14 dicembre, 2011 di  
Archiviato in Cronache Italiane, Democrazia e Diritti

Quanti lavorano nel campo dei sondaggi sono concordi nell’affermare che il governo Monti può contare ancora su un vastissimo credito popolare, malgrado l’estrema severità della manovra presentata alle Camere per la necessaria approvazione. Da cosa nasce questo consenso apparentemente incomprensibile?
In primo luogo, sotto un profilo che definiremmo sociologico, sembra che giochi a favore del professore bocconiano una sorta di stanchezza democratica, che è un precipitato della cosiddetta seconda repubblica, connotata da un progressivo disancoraggio da solide ed articolate idealità politiche, che travalicavano in molti casi gli stessi interessi di parte per delineare persino paradigmi di vita sociale e personale.
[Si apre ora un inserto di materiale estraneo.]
(* Let $U$ be a unitary representation of the translation group $\mathbb R^{d+1}$ on $\mathcal H$ with spectrum in the closed forward light cone, write $U(x_0,x_1)=U(x_0,x_1,0,\dots,0)$, and let $P$ be the generator with $U(t,0)=e^{itP}$. Fix $a,b\in\mathbb R$ and set $\lambda(s)=\big((b-a)\sinh2\pi s,\,(a-b)\cosh2\pi s+b-a\big)$. If $\Phi\in\mathcal H$ has finite energy, i.e. $\Phi\in D(P^{1/2})$, then $s\mapsto(\Phi,U(\lambda(s))\Phi)$ is differentiable at $s=0$ with $$-i\frac{d}{ds}\Big|_{s=0}(\Phi,U(\lambda(s))\Phi)=2\pi(b-a)(\Phi,P\Phi).$$ Moreover, if $\Phi\in D(P)$, then $-i\lim_{s\to0}\frac{U(\lambda(s))\Phi-\Phi}{s}=2\pi(b-a)P\Phi$ in norm. *)

theory Defs
  imports "HOL-Analysis.Analysis"
begin

text \<open>Complex Hilbert space structure on a real Banach space 'h: a complex scalar
multiplication sc extending scaleR, and an inner product ip that is antilinear in
the first and linear in the second argument (physics convention), with
ip x x = norm x squared.  Completeness comes from the class banach.\<close>

definition complex_hilbert ::
  "(complex \<Rightarrow> 'h::{real_normed_vector,banach} \<Rightarrow> 'h) \<Rightarrow> ('h \<Rightarrow> 'h \<Rightarrow> complex) \<Rightarrow> bool" where
  "complex_hilbert sc ip \<longleftrightarrow>
     (\<forall>r x. sc (complex_of_real r) x = r *\<^sub>R x) \<and>
     (\<forall>c d x. sc (c * d) x = sc c (sc d x)) \<and>
     (\<forall>c x y. sc c (x + y) = sc c x + sc c y) \<and>
     (\<forall>c d x. sc (c + d) x = sc c x + sc d x) \<and>
     (\<forall>c x. norm (sc c x) = norm c * norm x) \<and>
     (\<forall>x y z. ip x (y + z) = ip x y + ip x z) \<and>
     (\<forall>c x y. ip x (sc c y) = c * ip x y) \<and>
     (\<forall>x y. ip y x = cnj (ip x y)) \<and>
     (\<forall>x. ip x x = complex_of_real ((norm x)\<^sup>2))"

text \<open>Strongly continuous unitary representation of the translation group
R^(d+1) = real \<times> 'v (time \<times> space, 'v a Euclidean space of dimension d).\<close>

definition unitary_rep ::
  "(complex \<Rightarrow> 'h::{real_normed_vector,banach} \<Rightarrow> 'h) \<Rightarrow> ('h \<Rightarrow> 'h \<Rightarrow> complex) \<Rightarrow>
   (real \<times> 'v::euclidean_space \<Rightarrow> 'h \<Rightarrow> 'h) \<Rightarrow> bool" where
  "unitary_rep sc ip U \<longleftrightarrow>
     (\<forall>x. (\<forall>\<phi> \<psi>. U x (\<phi> + \<psi>) = U x \<phi> + U x \<psi>) \<and> (\<forall>c \<phi>. U x (sc c \<phi>) = sc c (U x \<phi>))) \<and>
     (\<forall>x \<phi> \<psi>. ip (U x \<phi>) (U x \<psi>) = ip \<phi> \<psi>) \<and>
     (\<forall>x. surj (U x)) \<and>
     (\<forall>\<phi>. U 0 \<phi> = \<phi>) \<and>
     (\<forall>x y \<phi>. U (x + y) \<phi> = U x (U y \<phi>)) \<and>
     (\<forall>\<phi>. continuous_on UNIV (\<lambda>x. U x \<phi>))"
Idealità sostituite per un verso dall’emergere di nuovi valori radicati intorno a figure carismatiche di leader, nei quali identificarsi ingenuamente fino a sentire come propri persino i loro specifici interessi; per altro, nel campo alternativo del bipolarismo si andava destrutturando una visione altra della società con la conseguenza di avviare sostanzialmente una confusa e faticosa rincorsa ai modelli affermatisi nello schieramento opposto. A questo sfilacciamento delle identità dei corpi sociali hanno contribuito la deroga servile ed opportunistica dei media alla funzione di libera informazione e vigile coscienza sociale e, per ultimo, l’adozione di una legge elettorale che ha sancito il definitivo scollamento fra cittadini e loro rappresentanti.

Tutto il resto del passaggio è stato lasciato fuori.